* INSTRUCTIONS TO FOLLOW
Extract all lines that hold "have" from the records below.

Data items
(* Let $f:\mathbb{R}^n\to\mathbb{R}$ be differentiable and strongly convex, and let $x^*$ be its unique minimizer. Let $(x^k)$ be the sequence generated by the Method of Ellipcenters (ME) described in the context, started from an arbitrary point. If the method does not stop, then $\lim_{k\to+\infty}x^k=x^*$.
   Context: $\langle\cdot,\cdot\rangle$ and $\|\cdot\|$ denote the Euclidean inner product and norm. A function $f:\mathbb{R}^n\to\mathbb{R}$ is strongly convex with constant $\mu>0$ if $f(tx+(1-t)y)\le tf(x)+(1-t)f(y)-\frac{\mu t(1-t)}{2}\|y-x\|^2$ for all $x,y\in\mathbb{R}^n$, $t\in[0,1]$. Method of Ellipcenters (ME): given an initial point $x^0$, at iteration $k$: (1) if $\nabla f(x^k)=0$, stop. (2) Otherwise let $t_k>0$ be the (unique) positive number with $f(x^k-t_k\nabla f(x^k))=f(x^k)$ and set $y^k=x^k-t_k\nabla f(x^k)$. (3) If $\nabla f(x^k)$ and $\nabla f(y^k)$ are linearly dependent, set $x^{k+1}=\frac12(x^k+y^k)$. Otherwise compute $\cos\theta_k=\frac{\langle x^k-y^k,-\nabla f(y^k)\rangle}{\|x^k-y^k\|\,\|\nabla f(y^k)\|}$, $\sin\theta_k=\sqrt{1-\cos^2\theta_k}$, $w^k=-\nabla f(y^k)+\frac{\langle x^k-y^k,\nabla f(y^k)\rangle}{\|x^k-y^k\|^2}(x^k-y^k)$, $d^k=\frac{w^k}{\|w^k\|}-\frac{\sin\theta_k}{2\cos\theta_k}\frac{x^k-y^k}{\|x^k-y^k\|}$, and let $x^{k+1}$ be a minimizer of $f$ over the semiline $\{\frac12(x^k+y^k)+v d^k: v\ge 0\}$ (this semiline is the set of centers of ellipses in the plane $x^k+\mathrm{span}\{\nabla f(x^k),\nabla f(y^k)\}$ passing through $x^k$ and $y^k$ and orthogonal to $\nabla f(x^k)$ at $x^k$ and to $\nabla f(y^k)$ at $y^k$). *)

theory Defs
  imports "HOL-Analysis.Analysis"
begin

definition strongly_convex_on_with :: "real \<Rightarrow> ('a::real_inner \<Rightarrow> real) \<Rightarrow> bool" where
  "strongly_convex_on_with mu f \<longleftrightarrow>
     (\<forall>x y t. 0 \<le> t \<and> t \<le> 1 \<longrightarrow>
        f (t *\<^sub>R x + (1 - t) *\<^sub>R y) \<le> t * f x + (1 - t) * f y - mu * t * (1 - t) / 2 * (norm (y - x))^2)"

definition strongly_convex :: "('a::real_inner \<Rightarrow> real) \<Rightarrow> bool" where
  "strongly_convex f \<longleftrightarrow> (\<exists>mu>0. strongly_convex_on_with mu f)"

definition lin_dep2 :: "'a::real_vector \<Rightarrow> 'a \<Rightarrow> bool" where
  "lin_dep2 a b \<longleftrightarrow> (\<exists>u v. (u, v) \<noteq> (0, 0) \<and> u *\<^sub>R a + v *\<^sub>R b = 0)"

text \<open>One (non-stopping) iteration of the Method of Ellipcenters: given the current
  iterate xk with nonzero gradient, xk1 is a possible next iterate.
  g is the gradient of f.\<close>
definition me_step :: "('a::euclidean_space \<Rightarrow> real) \<Rightarrow> ('a \<Rightarrow> 'a) \<Rightarrow> 'a \<Rightarrow> 'a \<Rightarrow> bool" where
  "me_step f g xk xk1 \<longleftrightarrow>
     g xk \<noteq> 0 \<and>
     (\<exists>t>0. f (xk - t *\<^sub>R g xk) = f xk \<and>
        (let y = xk - t *\<^sub>R g xk;
             m = (1/2) *\<^sub>R (xk + y)
         in if lin_dep2 (g xk) (g y) then xk1 = m
            else
              (let c = inner (xk - y) (- g y) / (norm (xk - y) * norm (g y));
                   s = sqrt (1 - c^2);
                   w = - g y + (inner (xk - y) (g y) / (norm (xk - y))^2) *\<^sub>R (xk - y);
                   d = (1 / norm w) *\<^sub>R w - (s / (2 * c)) *\<^sub>R ((1 / norm (xk - y)) *\<^sub>R (xk - y))
               in (\<exists>v\<ge>0. xk1 = m + v *\<^sub>R d) \<and> (\<forall>v\<ge>0. f xk1 \<le> f (m + v *\<^sub>R d)))))"
(* Let $r\ge3$. For every $P\in\mathbf W_{N,r}$, $$\pi(-P)\,E^{(r-1)}_{N,r}=\pi(P)\,F_{N,r}.$$
   Context: For integers $N,r\ge1$ let $S_{N,r}=\{(n_1,\dots,n_r)\in\mathbb Z^r:\ n_1+\dots+n_r=N,\ \text{each } n_i\ge3 \text{ odd}\}$; when used as an index set it is ordered lexicographically decreasingly. For $m=(m_1,\dots,m_r)$ and $n=(n_1,\dots,n_r)$ let $\delta\binom{m}{n}=1$ if $m_i=n_i$ for all $i$, and $0$ otherwise. $\mathbf V_{N,r}$ is the $\mathbb Q$-span of the monomials $x_1^{n_1-1}\cdots x_r^{n_r-1}$ with $(n_1,\dots,n_r)\in S_{N,r}$. $\mathsf{Vect}_{N,r}=\mathbb Q^{S_{N,r}}$ (row vectors), and $\pi:\mathbf V_{N,r}\to\mathsf{Vect}_{N,r}$ is the isomorphism sending $\sum a_{n_1,\dots,n_r}x_1^{n_1-1}\cdots x_r^{n_r-1}$ to $(a_{n_1,\dots,n_r})_{(n_1,\dots,n_r)\in S_{N,r}}$. For $r\ge2$, $\mathbf W_{N,r}=\{P\in\mathbf V_{N,r}: P(x_1,\dots,x_r)=P(x_2-x_1,x_2,x_3,\dots,x_r)-P(x_2-x_1,x_1,x_3,\dots,x_r)\}$. Ihara action: for $f\in\mathbb Q[t]$ and a polynomial $g$ in $r-1$ variables, $(f\mathbin{\underline\circ}g)(x_1,\dots,x_r)=f(x_1)g(x_2,\dots,x_r)+\sum_{i=1}^{r-1}\big(f(x_{i+1}-x_i)g(x_1,\dots,\widehat{x_{i+1}},\dots,x_r)-(-1)^{\deg f}f(x_i-x_{i+1})g(x_1,\dots,\widehat{x_i},\dots,x_r)\big)$ (hats denote omitted variables). For positive integers $m_i,n_i$, $e\binom{m_1,\dots,m_r}{n_1,\dots,n_r}$ is the coefficient of $x_1^{n_1-1}\cdots x_r^{n_r-1}$ in $t^{m_1-1}\mathbin{\underline\circ}\,(y_1^{m_2-1}\cdots y_{r-1}^{m_r-1})$. $E_{N,r}$ is the $S_{N,r}\times S_{N,r}$ matrix with $(m,n)$-entry $e\binom{m}{n}$. For $2\le j\le r$, $E^{(j)}_{N,r}$ is the $S_{N,r}\times S_{N,r}$ matrix with $(m,n)$-entry $\delta\binom{m_1,\dots,m_{r-j}}{n_1,\dots,n_{r-j}}\,e\binom{m_{r-j+1},\dots,m_r}{n_{r-j+1},\dots,n_r}$. $F_{N,r}=E_{N,r}-\mathrm{id}$. *)

theory Defs
  imports Main "HOL-Library.Poly_Mapping" "HOL-Computational_Algebra.Polynomial"
begin
fun subst_lit :: "nat \<Rightarrow> 'f trm \<Rightarrow> ('p, 'f) lit \<Rightarrow> ('p, 'f) lit" where
  "subst_lit k t (Lit b P ts) = Lit b P (map (subst_trm k t) ts)"

datatype ('p, 'f) fm =
    Atom "('p, 'f) lit"
  | AndP "('p, 'f) fm" "('p, 'f) fm"
  | OrP "('p, 'f) fm" "('p, 'f) fm"
  | AndN "('p, 'f) fm" "('p, 'f) fm"
  | OrN "('p, 'f) fm" "('p, 'f) fm"
  | Ex "('p, 'f) fm"   \<comment> \<open>binds de Bruijn index 0\<close>
  | All "('p, 'f) fm"  \<comment> \<open>binds de Bruijn index 0\<close>

fun fneg :: "('p, 'f) fm \<Rightarrow> ('p, 'f) fm" where
  "fneg (Atom l) = Atom (lneg l)"
| "fneg (AndP A B) = OrN (fneg A) (fneg B)"
| "fneg (AndN A B) = OrP (fneg A) (fneg B)"
| "fneg (OrP A B) = AndN (fneg A) (fneg B)"
| "fneg (OrN A B) = AndP (fneg A) (fneg B)"
| "fneg (Ex A) = All (fneg A)"
| "fneg (All A) = Ex (fneg A)"

fun positive_fm :: "('p \<Rightarrow> bool) \<Rightarrow> ('p, 'f) fm \<Rightarrow> bool" where
  "positive_fm pos (Atom l) = positive_lit pos l"
| "positive_fm pos (AndP A B) = True"
| "positive_fm pos (OrP A B) = True"
| "positive_fm pos (Ex A) = True"
| "positive_fm pos (AndN A B) = False"
| "positive_fm pos (OrN A B) = False"
| "positive_fm pos (All A) = False"

definition negative_fm :: "('p \<Rightarrow> bool) \<Rightarrow> ('p, 'f) fm \<Rightarrow> bool" where
  "negative_fm pos A = (\<not> positive_fm pos A)"
lemma top_vertex_max:
  assumes "\<forall>\<tau>'\<in>T. m \<bullet> \<tau>' \<le> m \<bullet> \<tau>" "y \<in> sweep_family T u S"
  shows "m \<bullet> y \<le> m \<bullet> top_vertex m u S \<tau>"
proof -
  obtain \<tau>' c where y: "y = \<tau>' + (\<Sum>g\<in>S. c g *\<^sub>R u g)" "\<tau>' \<in> T" "\<forall>g\<in>S. 0 \<le> c g \<and> c g \<le> 1"
    using assms(2) unfolding sweep_family_def by blast
  have "c g * (m \<bullet> u g) \<le> (if m \<bullet> u g > 0 then 1 else 0) * (m \<bullet> u g)" if "g \<in> S" for g
    using y(3) that by (auto simp: mult_left_le_one_le mult_nonneg_nonpos)
  then have "(\<Sum>g\<in>S. c g * (m \<bullet> u g)) \<le> (\<Sum>g\<in>S. (if m \<bullet> u g > 0 then 1 else 0) * (m \<bullet> u g))"
    by (rule sum_mono)
  with assms(1) y(2) show ?thesis
    unfolding y(1) top_vertex_def by (simp add: inner_add_right inner_sum_right add_mono)
qed

lemma linear_proj_plane: "linear (proj_plane d)"
  by (rule linearI) (simp_all add: proj_plane_def inner_add_left algebra_simps add_divide_distrib)

lemma proj_plane_orthogonal: "d \<noteq> 0 \<Longrightarrow> proj_plane d x \<bullet> d = 0"
  unfolding proj_plane_def by (simp add: inner_diff_left)

lemma proj_plane_inner: "y \<bullet> d = 0 \<Longrightarrow> proj_plane d x \<bullet> y = x \<bullet> y"
  using inner_commute[of y d] unfolding proj_plane_def by (simp add: inner_diff_left)

lemma strict_maximizer_proj_plane:
  "K \<subseteq> {x. x \<bullet> d = 0} \<Longrightarrow> strict_maximizer K \<psi> k \<Longrightarrow> strict_maximizer K (proj_plane d \<psi>) k"
  unfolding strict_maximizer_def by (auto simp: proj_plane_inner subset_iff)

* RESPONSE TO THIS TASK
  have "c g * (m \<bullet> u g) \<le> (if m \<bullet> u g > 0 then 1 else 0) * (m \<bullet> u g)" if "g \<in> S" for g
  then have "(\<Sum>g\<in>S. c g * (m \<bullet> u g)) \<le> (\<Sum>g\<in>S. (if m \<bullet> u g > 0 then 1 else 0) * (m \<bullet> u g))"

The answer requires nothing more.